毕竟,他是自己姐姐的战友,刚才还救了自己和小豆豆,理当不会对自己乱来的吧?
走入卧室的柳玉竹,心里想着,脑袋里已经有些乱了。
室内里,萧九州已经摆好了不知道什么做成的瓶瓶罐罐,还有一排银针。
看到这,柳玉竹才放心了些,开始去掉身上的衣物。
"不要多想,你虽然受伤是在脸上,只是人的全身经脉是相通的,毒素的排除需要身体的各个穴位。"

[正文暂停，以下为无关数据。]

lemma rank_one_eigenvalue_const:
  assumes "DIM('a) \<ge> 3" and x: "x \<bullet> x = 1" and w: "w \<bullet> w = 1"
    and rank_one_x: "jacobi_rank_one x \<mu> p" and rank_one_w: "jacobi_rank_one w \<nu> q"
  shows "\<mu> = \<nu>"
proof -
  have "dim {x, w} \<le> card {x, w}" by (rule dim_le_card) (auto intro: span_base)
  also have "\<dots> < DIM('a)" using assms(1) by (simp add: card_insert_if)
  finally obtain z where "z \<noteq> 0" and z_orth: "\<And>y. y \<in> span {x, w} \<Longrightarrow> orthogonal z y"
    using orthogonal_to_subspace_exists by blast
  define z' where "z' = sgn z"
  have z': "z' \<bullet> z' = 1" unfolding z'_def by (rule inner_sgn_self[OF \<open>z \<noteq> 0\<close>])
  have "z' \<bullet> x = 0" "z' \<bullet> w = 0"
    using z_orth[of x] z_orth[of w] unfolding z'_def
      by (auto simp: span_base orthogonal_def sgn_div_norm)
  obtain \<kappa> h where rank_one_z': "jacobi_rank_one z' \<kappa> h" using jacobi_rank_one_exists[OF z'] .
  have "\<kappa> = \<mu>"
    by (rule rank_one_eigenvalue_eq_if_orthogonal[OF z' x \<open>z' \<bullet> x = 0\<close> rank_one_z' rank_one_x])
  moreover have "\<kappa> = \<nu>"
    by (rule rank_one_eigenvalue_eq_if_orthogonal[OF z' w \<open>z' \<bullet> w = 0\<close> rank_one_z' rank_one_w])
  ultimately show ?thesis by simp
qed

lemma jacobi_rank_unit_eq_1:
  assumes "x \<bullet> x = 1"
  shows "jacobi_rank R x = 1"
proof -
  obtain \<mu> p where "jacobi_rank_one x \<mu> p" using jacobi_rank_one_exists[OF assms] .
  then have "J x = (\<lambda>v. (\<mu> * (v \<bullet> p)) *\<^sub>R p)" "p \<noteq> 0" "\<mu> \<noteq> 0"
    unfolding jacobi_rank_one_def by auto
  then show ?thesis unfolding jacobi_rank_def by (simp add: rank_one_map_range_dim)
qed

lemma jacobi_eigenspace_dim_const:
  assumes "DIM('a) \<ge> 3" and x: "x \<bullet> x = 1" and y: "y \<bullet> y = 1"
  shows "dim {v. J x v = c *\<^sub>R v} = dim {v. J y v = c *\<^sub>R v}"
proof -
  obtain \<mu> p where rank_one_x: "jacobi_rank_one x \<mu> p" using jacobi_rank_one_exists[OF x] .
  obtain \<nu> q where rank_one_y: "jacobi_rank_one y \<nu> q" using jacobi_rank_one_exists[OF y] .
  have "\<mu> = \<nu>" by (rule rank_one_eigenvalue_const[OF assms rank_one_x rank_one_y])
  with rank_one_x rank_one_y show ?thesis
    unfolding jacobi_rank_one_def by (simp add: rank_one_map_eigenspace_dim)
qed

end

theorem lemma2p4:
  fixes R :: "'a::euclidean_space \<Rightarrow> 'a \<Rightarrow> 'a \<Rightarrow> 'a \<Rightarrow> real"
  assumes "DIM('a) \<ge> 3"
    and "alg_curv_tensor R"
    and "R \<noteq> (\<lambda>x y z w. 0)"
    and "jacobi_tsankov R"
    and "\<forall>x. jacobi_rank R x < DIM('a) - 1"
  shows "(\<forall>x\<in>unit_sphere. jacobi_rank R x = 1) \<and> osserman R"
proof -
  interpret low_rank_jacobi_tsankov_tensor R
    using assms(2-5) by unfold_locales
  show ?thesis
  proof
    show "\<forall>x\<in>unit_sphere. jacobi_rank R x = 1"
      using jacobi_rank_unit_eq_1 unfolding unit_sphere_def by blast
    show "osserman R"
      using jacobi_eigenspace_dim_const[OF assms(1)] unfolding osserman_def unit_sphere_def by blast
  qed
qed

end
lemma bounded_linear_endo_of_matrix: "bounded_linear (endo_of_matrix :: 'n::finite cmat \<Rightarrow> 'n endo)"
proof -
  have "linear (endo_of_matrix :: 'n cmat \<Rightarrow> 'n endo)"
    by (rule linearI; rule endo_eqI)
      (simp_all add: endo_of_matrix_apply plus_endo.rep_eq scaleR_endo.rep_eq plus_blinfun.rep_eq
        scaleR_blinfun.rep_eq vec_eq_iff matrix_vector_mult_def scaleR_sum_right algebra_simps sum.distrib)
  then show ?thesis by (simp add: linear_conv_bounded_linear)
qed

lemma norm_le_sum_norm_nth: "norm (x::'b::real_normed_vector^'n::finite) \<le> (\<Sum>i\<in>UNIV. norm (x $ i))"
  by (simp add: norm_vec_def L2_set_le_sum)

lemma norm_matrix_of_endo_le: "norm (matrix_of_endo E) \<le> norm E * (real CARD('n) * real CARD('n))"
  for E :: "'n::finite endo"
proof -
  have entry: "norm (matrix_of_endo E $ i $ j) \<le> norm E" for i j
  proof -
    have "norm (matrix_of_endo E $ i $ j) \<le> norm (blinfun_apply (Rep_endo E) (axis j 1))"
      by (simp add: matrix_of_endo_def matrix_def Finite_Cartesian_Product.norm_nth_le)
    also have "\<dots> \<le> norm (Rep_endo E) * norm (axis j (1::complex))" by (rule norm_blinfun)
    finally show ?thesis by (simp add: norm_endo.rep_eq)
  qed
  have "norm (matrix_of_endo E) \<le> (\<Sum>i\<in>UNIV. \<Sum>j\<in>UNIV. norm (matrix_of_endo E $ i $ j))"
    by (rule order_trans[OF norm_le_sum_norm_nth sum_mono[OF norm_le_sum_norm_nth]])
  also have "\<dots> \<le> (\<Sum>i\<in>(UNIV::'n set). \<Sum>j\<in>(UNIV::'n set). norm E)"
    by (intro sum_mono entry)
  finally show ?thesis by (simp add: mult_ac)
qed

宛如是了解柳玉竹心里在想啥,萧九州一边继续准备,边解释着。
"我……我没有多想……"
已经身无寸缕的柳玉竹,在床上平躺了下来,捂着身体的重要位置,闭着双目说道。
"没多想?没多想你缘何全脱完了?我只是让你脱外套,方便毒素排除。"
萧九州淡淡地说着。
"啊?"
闻言柳玉竹大吃了一惊!
知道自己理解错了,柳玉竹恨不得找个地缝钻进去。
都怪此物萧九州,说话都不说清楚。
柳玉竹狠狠地瞪了他一眼,见他还在忙碌着,宛如根本就没有注意到自己,这才感觉放松了些,赶紧要起来将衣服穿上。
"既然都脱了,那就这样吧,没穿衣服效果肯定还是要好些!"
就在这时,萧九州骤然又来了这么一句,同一时间抬起了头。
"啊?"
柳玉竹此时是真的气疯了,只是也只能无奈躺下,闭上眼睛,眼不见心不烦。
萧九州站起身,看着面前女孩的身体,不由得愣了一下。
凹凸有致,雪白细腻。
饶是萧九州见过这世间不少美女,面前这女孩也让他有些心动。
光是这身子,就早已足以让哪些模特女星黯然失色,更不用说,若是她恢复了精致的脸蛋,那会是怎样的绝色。
怪不得听说曾经是阳城第一美女,怪不得就算是脸成了这样子,柳大治也想把她娶到。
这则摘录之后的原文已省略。